California Laboratory for Atmospheric Remote Sensing
The FTS operates in two modes: the Spectralon Viewing Observations (SVO) and the Los Angeles Basin Surveys (LABS). In the SVO mode, the Fourier Transform Spectrometer (FTS) points at a Spectralon® plate placed immediately below the FTS telescope to quantify the total column trace gases above the Los Angeles megacity (above 1670m and the basin PBL height). The SVO measurements represent approximately free tropospheric background levels. In the LABS mode, the FTS points downward at 33 geographical points in the basin acquiring spectra from reflected sunlight in the near-infrared region. Our measurement technique from Mount Wilson mimics satellite observations that measure surface reflectance from space or atmospheric absorptions of GHGs along the optical path – (1) from the sun to the surface and (2) from the surface to the instrument. The locations of the reflection points are selected to provide the best coverage of the megacity.

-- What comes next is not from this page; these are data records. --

lemma inv_from_product:
  assumes "x \<in> carrier G" "y \<in> carrier G" "z \<in> carrier G" and u: "x \<otimes> y \<otimes> z = u"
  shows "y \<otimes> inv u \<otimes> x = inv z"
proof -
  have cancel: "w \<otimes> inv (w \<otimes> z) = inv z" if "w \<in> carrier G" for w
    using that assms(3) by (simp add: inv_mult m_assoc[symmetric])
  have "y \<otimes> inv u \<otimes> x = (x \<otimes> y) \<otimes> inv (x \<otimes> y \<otimes> z)"
    unfolding u[symmetric] using assms(1-3) by (simp add: m_ac)
  then show ?thesis using assms(1-3) cancel[of "x \<otimes> y"] by simp
qed

lemma product_quotient_one:
  assumes "x \<in> carrier G" "y \<in> carrier G" "z \<in> carrier G" "v \<in> carrier G" and e: "x \<otimes> y = z \<otimes> v"
  shows "z \<otimes> inv y \<otimes> v \<otimes> inv x = \<one>"
proof -
  have "z \<otimes> inv y \<otimes> v \<otimes> inv x = (z \<otimes> v) \<otimes> inv (x \<otimes> y)"
    using assms(1-4) by (simp add: inv_mult m_ac)
  then show ?thesis using assms(1-4) by (simp add: e)
qed

lemma finprod_alternating:
  assumes b: "b \<in> {1..2 * n} \<rightarrow> carrier G"
  shows "finprod G (\<lambda>i. b i [^] ((-1::int) ^ i)) {1..2 * n}
       = finprod G (\<lambda>k. b (2 * k)) {1..n} \<otimes> inv (finprod G (\<lambda>k. b (2 * k - 1)) {1..n})"
proof -
  let ?E = "(\<lambda>k. 2 * k) ` {1..n}" and ?O = "(\<lambda>k. 2 * k - 1) ` {1..n}"
  have split: "{1..2 * n} = ?E \<union> ?O"
  proof
    show "{1..2 * n} \<subseteq> ?E \<union> ?O"
    proof
      fix i assume i: "i \<in> {1..2 * n}"
      show "i \<in> ?E \<union> ?O"
      proof (cases "even i")
        case True then show ?thesis using i by (auto intro!: image_eqI[of _ _ "i div 2"])
      next
        case False
        then obtain k where "i = Suc (2 * k)" by (rule oddE) simp
        then show ?thesis using i by (auto intro!: image_eqI[of _ _ "Suc k"])
      qed
    qed
  qed auto
  have disj: "?E \<inter> ?O = {}" by auto presburger
  have bE: "(\<lambda>k. b (2 * k)) \<in> {1..n} \<rightarrow> carrier G" and bO: "(\<lambda>k. b (2 * k - 1)) \<in> {1..n} \<rightarrow> carrier G"
    using b by (auto intro!: funcset_mem[OF b])
  have evens: "finprod G (\<lambda>i. b i [^] ((-1::int) ^ i)) ?E = finprod G (\<lambda>k. b (2 * k)) {1..n}"
    using bE by (subst finprod_reindex) (auto simp: inj_on_def power_mult Pi_iff intro!: finprod_cong')
  have odds: "finprod G (\<lambda>i. b i [^] ((-1::int) ^ i)) ?O = inv (finprod G (\<lambda>k. b (2 * k - 1)) {1..n})"
  proof -
    have odd_sign: "(-1::int) ^ (2 * k - 1) = -1" if "k \<ge> 1" for k
      using that by (cases k) (auto simp: power_mult)
    have "finprod G (\<lambda>i. b i [^] ((-1::int) ^ i)) ?O = finprod G (\<lambda>k. inv (b (2 * k - 1))) {1..n}"
      using bO by (subst finprod_reindex) (auto simp: inj_on_def odd_sign int_pow_neg Pi_iff intro!: finprod_cong')
    then show ?thesis using bO by (simp add: finprod_inv)
  qed
  have "(\<lambda>i. b i [^] ((-1::int) ^ i)) \<in> {1..2 * n} \<rightarrow> carrier G"
    using b by (auto simp: Pi_iff)
  then have "finprod G (\<lambda>i. b i [^] ((-1::int) ^ i)) (?E \<union> ?O)
      = finprod G (\<lambda>i. b i [^] ((-1::int) ^ i)) ?E \<otimes> finprod G (\<lambda>i. b i [^] ((-1::int) ^ i)) ?O"
    unfolding split by (intro finprod_Un_disjoint[OF _ _ disj]) auto
  then show ?thesis unfolding split evens odds .
qed

end

lemma ordprod_map_distinct:
  assumes "comm_monoid M" "distinct xs" "f \<in> set xs \<rightarrow> carrier M"
  shows "ordprod M (map f xs) = finprod M f (set xs)"
  using assms(2,3)
proof (induction xs)
  case Nil
  show ?case using assms(1) by (simp add: ordprod_def comm_monoid.finprod_empty)
next
  case (Cons x xs)
  then show ?case
    using assms(1) by (simp add: ordprod_def comm_monoid.finprod_insert Pi_iff)
qed

section \<open>The central quotient \<open>G/\<Gamma>\<close>\<close>

context group begin

lemma inv_cancel_left: "x \<in> carrier G \<Longrightarrow> y \<in> carrier G \<Longrightarrow> inv x \<otimes> (x \<otimes> y) = y"
  by (simp add: m_assoc[symmetric])

lemma inv_cancel_left': "x \<in> carrier G \<Longrightarrow> y \<in> carrier G \<Longrightarrow> x \<otimes> (inv x \<otimes> y) = y"
  by (simp add: m_assoc[symmetric])

text \<open>The two group identities behind \<open>\<kappa>\<close> and \<open>\<beta>\<close>; each needs only one commutation, which
  will come from centrality of \<open>K/\<Gamma>\<close>.\<close>

lemma coboundary_identity:
  assumes "a1 \<in> carrier G" "b1 \<in> carrier G" "a2 \<in> carrier G" "b2 \<in> carrier G" "b12 \<in> carrier G"
    and comm: "(a2 \<otimes> inv b2) \<otimes> b1 = b1 \<otimes> (a2 \<otimes> inv b2)"
  shows "(a1 \<otimes> inv b1) \<otimes> (a2 \<otimes> inv b2) \<otimes> (b1 \<otimes> b2 \<otimes> inv b12) = a1 \<otimes> a2 \<otimes> inv b12"
proof -
  have "(a1 \<otimes> inv b1) \<otimes> (a2 \<otimes> inv b2) \<otimes> (b1 \<otimes> b2 \<otimes> inv b12)
      = a1 \<otimes> (inv b1 \<otimes> ((a2 \<otimes> inv b2) \<otimes> b1)) \<otimes> (b2 \<otimes> inv b12)"
    using assms(1-5) by (simp add: m_assoc)
  also have "\<dots> = a1 \<otimes> (inv b1 \<otimes> (b1 \<otimes> (a2 \<otimes> inv b2))) \<otimes> (b2 \<otimes> inv b12)"
    by (simp only: comm)
  also have "\<dots> = a1 \<otimes> a2 \<otimes> inv b12"
    using assms(1-5) by (simp add: m_assoc inv_cancel_left inv_cancel_left')
  finally show ?thesis .
qed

In addition, reflection points are chosen with uniform surface albedo across the spectrometer field of view using a near-infrared camera. Reflection points sample from the San Bernardino Mountains in the east to the Pacific coast in the west and from the base of the San Gabriel Mountains in the north to Long Beach Harbor and Orange County in the south. The footprints in the Los Angeles megacity are ellipses with surface area ranging from 0.04 to 21.62 km2.
It is optimized for high spectral resolution reflected sunlight measurements with high spectral resolution in the near-infrared (NIR) region (4,000 –15,000 cm-1). The spectral resolution used in the CLARS-FTS measurement is 0.12 cm-1, with an angular radius of the field of view of 0.5 mrad.
To derive slant column densities (SCDs) of atmospheric trace gases from the measured absorption spectra, CLARS uses two standard operational retrieval algorithms: CLARS-GFIT developed by Fu et al. (2014) and GFIT3 developed by Zeng et al. (2021). CLARS-GFIT is a modified version of the GFIT program which is a state-of-the-art profile scaling algorithm to retrieve gas concentrations and related atmospheric and instrumental parameters from absorption spectra. It has been the primary retrieval algorithm for the Total Carbon Column Observing Network (TCCON) network, which has been the benchmark for validating satellite-based trace gas observations. GFIT3 is a full physics algorithm, which is also an extension of the GFIT model, to retrieve GHGs in polluted urban atmospheres from spectra of reflected solar radiation. GFIT3 accounts for aerosol scattering effects in polluted urban atmospheres. In particular, the algorithm includes coarse (including sea salt and dust) and fine (including organic carbon, black carbon, and sulfate) mode aerosols in the radiative transfer model.
Overall, the GHG retrievals from CLARS-FTS are potentially complementary to existing ground-based and space-borne observations to monitor anthropogenic GHG fluxes in the LA megacity.